-------- RECORDS SHOWN

text \<open>Checking the recurrence shows
  \<open>P\<^sub>n = 2\<^sup>n \<Sum>\<^sub>k (n choose 2k) (2k choose k)\<^sup>2 4\<^sup>n\<^sup>-\<^sup>2\<^sup>k\<close>:
  applied to the summands, the recurrence operator telescopes by a Zeilberger certificate.
  Modulo \<open>p = 2h + 1\<close> one has \<open>(2k choose k) \<equiv> (-4)\<^sup>k (h choose k)\<close> for \<open>k \<le> h\<close>,
  \<open>(p - 1 choose j) \<equiv> (-1)\<^sup>j\<close> and \<open>(p - 2 choose j) \<equiv> (-1)\<^sup>j (j + 1)\<close>.
  Together with Fermat's little theorem this gives
  \<open>P\<^sub>p\<^sub>-\<^sub>1 \<equiv> \<Sum>\<^sub>k (h choose k)\<^sup>2 = (p - 1 choose h) \<equiv> (-1)\<^sup>h\<close> and
  \<open>16 P\<^sub>p\<^sub>-\<^sub>2 \<equiv> 2 \<Sum>\<^sub>k (2k + 1) (h choose k)\<^sup>2 = (p + 1) (p - 1 choose h) \<equiv> (-1)\<^sup>h\<close>.\<close>

lemma of_nat_binomial_Suc_mult:
  "(of_nat (n choose Suc k) :: 'a::comm_ring_1) * (of_nat k + 1) = of_nat (n choose k) * (of_nat n - of_nat k)"
proof (cases "k \<le> n")
  case True
  have "(n choose Suc k) * Suc k = (n choose k) * (n - k)"
    using Suc_times_binomial_eq[of "n - 1" k] binomial_absorb_comp[of n k] True
    by (cases n) (simp_all add: mult.commute)
  then have "(of_nat ((n choose Suc k) * Suc k) :: 'a) = of_nat ((n choose k) * (n - k))"
    by (rule arg_cong)
  then show ?thesis using True by (simp add: of_nat_diff algebra_simps)
qed (simp add: binomial_eq_0)

lemma central_binomial_Suc:
  "Suc k * ((2 * Suc k) choose Suc k) = 2 * (2 * k + 1) * ((2 * k) choose k)"
proof -
  have odd_sym: "(Suc (2 * k) choose k) = (Suc (2 * k) choose Suc k)"
    using central_binomial_odd[of "Suc (2 * k)"] by simp
  have two_Suc: "2 * Suc k = Suc (Suc (2 * k))" by simp
  have "Suc k * (Suc k * ((2 * Suc k) choose Suc k)) = Suc k * (2 * Suc k * (Suc (2 * k) choose k))"
    unfolding two_Suc Suc_times_binomial ..
  also have "\<dots> = Suc k * (2 * (Suc k * (Suc (2 * k) choose Suc k)))"
    unfolding odd_sym by (simp only: mult_ac)
  also have "\<dots> = Suc k * (2 * (2 * k + 1) * ((2 * k) choose k))"
    by (simp only: Suc_times_binomial) simp
  finally show ?thesis by (simp only: mult_cancel1) simp
qed

lemma sum_odd_times_binomial_sq:
  "(\<Sum>k\<le>h. (2 * k + 1) * (h choose k)^2) = (h + 1) * ((2 * h) choose h)"
proof -
  define f where "f k = (2 * k + 1) * (h choose k)^2" for k
  have "(\<Sum>k\<le>h. f k) = (\<Sum>k\<le>h. f (h - k))"
    using sum.atLeastAtMost_rev[of f 0 h] by (simp add: atLeast0AtMost)
  also have "\<dots> = (\<Sum>k\<le>h. (2 * (h - k) + 1) * (h choose k)^2)"
    by (intro sum.cong) (simp_all add: f_def binomial_symmetric[symmetric])
  finally have "2 * (\<Sum>k\<le>h. f k) = (\<Sum>k\<le>h. f k + (2 * (h - k) + 1) * (h choose k)^2)"
    by (simp add: sum.distrib)
  also have "\<dots> = (\<Sum>k\<le>h. 2 * (h + 1) * (h choose k)^2)"
  proof (intro sum.cong refl)
    fix k assume "k \<in> {..h}"
    then have "(2 * k + 1) + (2 * (h - k) + 1) = 2 * (h + 1)" by simp
    then show "f k + (2 * (h - k) + 1) * (h choose k)^2 = 2 * (h + 1) * (h choose k)^2"
      unfolding f_def by (metis add_mult_distrib)
  qed
  also have "\<dots> = 2 * ((h + 1) * ((2 * h) choose h))"
    by (simp only: sum_distrib_left[symmetric] choose_square_sum mult.assoc)
  finally show ?thesis by (simp add: f_def)
qed

lemma sum_atMost_eq_if_vanishing:
  fixes f :: "nat \<Rightarrow> 'a::comm_monoid_add"
  assumes "\<And>k. n < 2 * k \<Longrightarrow> f k = 0" and "n \<le> 2 * K + 1"
  shows "(\<Sum>k\<le>n. f k) = (\<Sum>k\<le>K. f k)"
proof -
  have "(\<Sum>k\<le>n. f k) = (\<Sum>k\<le>n + K. f k)" "(\<Sum>k\<le>K. f k) = (\<Sum>k\<le>n + K. f k)"
    using assms by (auto intro!: sum.mono_neutral_left assms(1))
  then show ?thesis by simp
qed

----------------

Transcribe, exactly and completely, all of the entries.

text \<open>Checking the recurrence shows
  \<open>P\<^sub>n = 2\<^sup>n \<Sum>\<^sub>k (n choose 2k) (2k choose k)\<^sup>2 4\<^sup>n\<^sup>-\<^sup>2\<^sup>k\<close>:
  applied to the summands, the recurrence operator telescopes by a Zeilberger certificate.
  Modulo \<open>p = 2h + 1\<close> one has \<open>(2k choose k) \<equiv> (-4)\<^sup>k (h choose k)\<close> for \<open>k \<le> h\<close>,
  \<open>(p - 1 choose j) \<equiv> (-1)\<^sup>j\<close> and \<open>(p - 2 choose j) \<equiv> (-1)\<^sup>j (j + 1)\<close>.
  Together with Fermat's little theorem this gives
  \<open>P\<^sub>p\<^sub>-\<^sub>1 \<equiv> \<Sum>\<^sub>k (h choose k)\<^sup>2 = (p - 1 choose h) \<equiv> (-1)\<^sup>h\<close> and
  \<open>16 P\<^sub>p\<^sub>-\<^sub>2 \<equiv> 2 \<Sum>\<^sub>k (2k + 1) (h choose k)\<^sup>2 = (p + 1) (p - 1 choose h) \<equiv> (-1)\<^sup>h\<close>.\<close>

lemma of_nat_binomial_Suc_mult:
  "(of_nat (n choose Suc k) :: 'a::comm_ring_1) * (of_nat k + 1) = of_nat (n choose k) * (of_nat n - of_nat k)"
proof (cases "k \<le> n")
  case True
  have "(n choose Suc k) * Suc k = (n choose k) * (n - k)"
    using Suc_times_binomial_eq[of "n - 1" k] binomial_absorb_comp[of n k] True
    by (cases n) (simp_all add: mult.commute)
  then have "(of_nat ((n choose Suc k) * Suc k) :: 'a) = of_nat ((n choose k) * (n - k))"
    by (rule arg_cong)
  then show ?thesis using True by (simp add: of_nat_diff algebra_simps)
qed (simp add: binomial_eq_0)

lemma central_binomial_Suc:
  "Suc k * ((2 * Suc k) choose Suc k) = 2 * (2 * k + 1) * ((2 * k) choose k)"
proof -
  have odd_sym: "(Suc (2 * k) choose k) = (Suc (2 * k) choose Suc k)"
    using central_binomial_odd[of "Suc (2 * k)"] by simp
  have two_Suc: "2 * Suc k = Suc (Suc (2 * k))" by simp
  have "Suc k * (Suc k * ((2 * Suc k) choose Suc k)) = Suc k * (2 * Suc k * (Suc (2 * k) choose k))"
    unfolding two_Suc Suc_times_binomial ..
  also have "\<dots> = Suc k * (2 * (Suc k * (Suc (2 * k) choose Suc k)))"
    unfolding odd_sym by (simp only: mult_ac)
  also have "\<dots> = Suc k * (2 * (2 * k + 1) * ((2 * k) choose k))"
    by (simp only: Suc_times_binomial) simp
  finally show ?thesis by (simp only: mult_cancel1) simp
qed

lemma sum_odd_times_binomial_sq:
  "(\<Sum>k\<le>h. (2 * k + 1) * (h choose k)^2) = (h + 1) * ((2 * h) choose h)"
proof -
  define f where "f k = (2 * k + 1) * (h choose k)^2" for k
  have "(\<Sum>k\<le>h. f k) = (\<Sum>k\<le>h. f (h - k))"
    using sum.atLeastAtMost_rev[of f 0 h] by (simp add: atLeast0AtMost)
  also have "\<dots> = (\<Sum>k\<le>h. (2 * (h - k) + 1) * (h choose k)^2)"
    by (intro sum.cong) (simp_all add: f_def binomial_symmetric[symmetric])
  finally have "2 * (\<Sum>k\<le>h. f k) = (\<Sum>k\<le>h. f k + (2 * (h - k) + 1) * (h choose k)^2)"
    by (simp add: sum.distrib)
  also have "\<dots> = (\<Sum>k\<le>h. 2 * (h + 1) * (h choose k)^2)"
  proof (intro sum.cong refl)
    fix k assume "k \<in> {..h}"
    then have "(2 * k + 1) + (2 * (h - k) + 1) = 2 * (h + 1)" by simp
    then show "f k + (2 * (h - k) + 1) * (h choose k)^2 = 2 * (h + 1) * (h choose k)^2"
      unfolding f_def by (metis add_mult_distrib)
  qed
  also have "\<dots> = 2 * ((h + 1) * ((2 * h) choose h))"
    by (simp only: sum_distrib_left[symmetric] choose_square_sum mult.assoc)
  finally show ?thesis by (simp add: f_def)
qed

lemma sum_atMost_eq_if_vanishing:
  fixes f :: "nat \<Rightarrow> 'a::comm_monoid_add"
  assumes "\<And>k. n < 2 * k \<Longrightarrow> f k = 0" and "n \<le> 2 * K + 1"
  shows "(\<Sum>k\<le>n. f k) = (\<Sum>k\<le>K. f k)"
proof -
  have "(\<Sum>k\<le>n. f k) = (\<Sum>k\<le>n + K. f k)" "(\<Sum>k\<le>K. f k) = (\<Sum>k\<le>n + K. f k)"
    using assms by (auto intro!: sum.mono_neutral_left assms(1))
  then show ?thesis by simp
qed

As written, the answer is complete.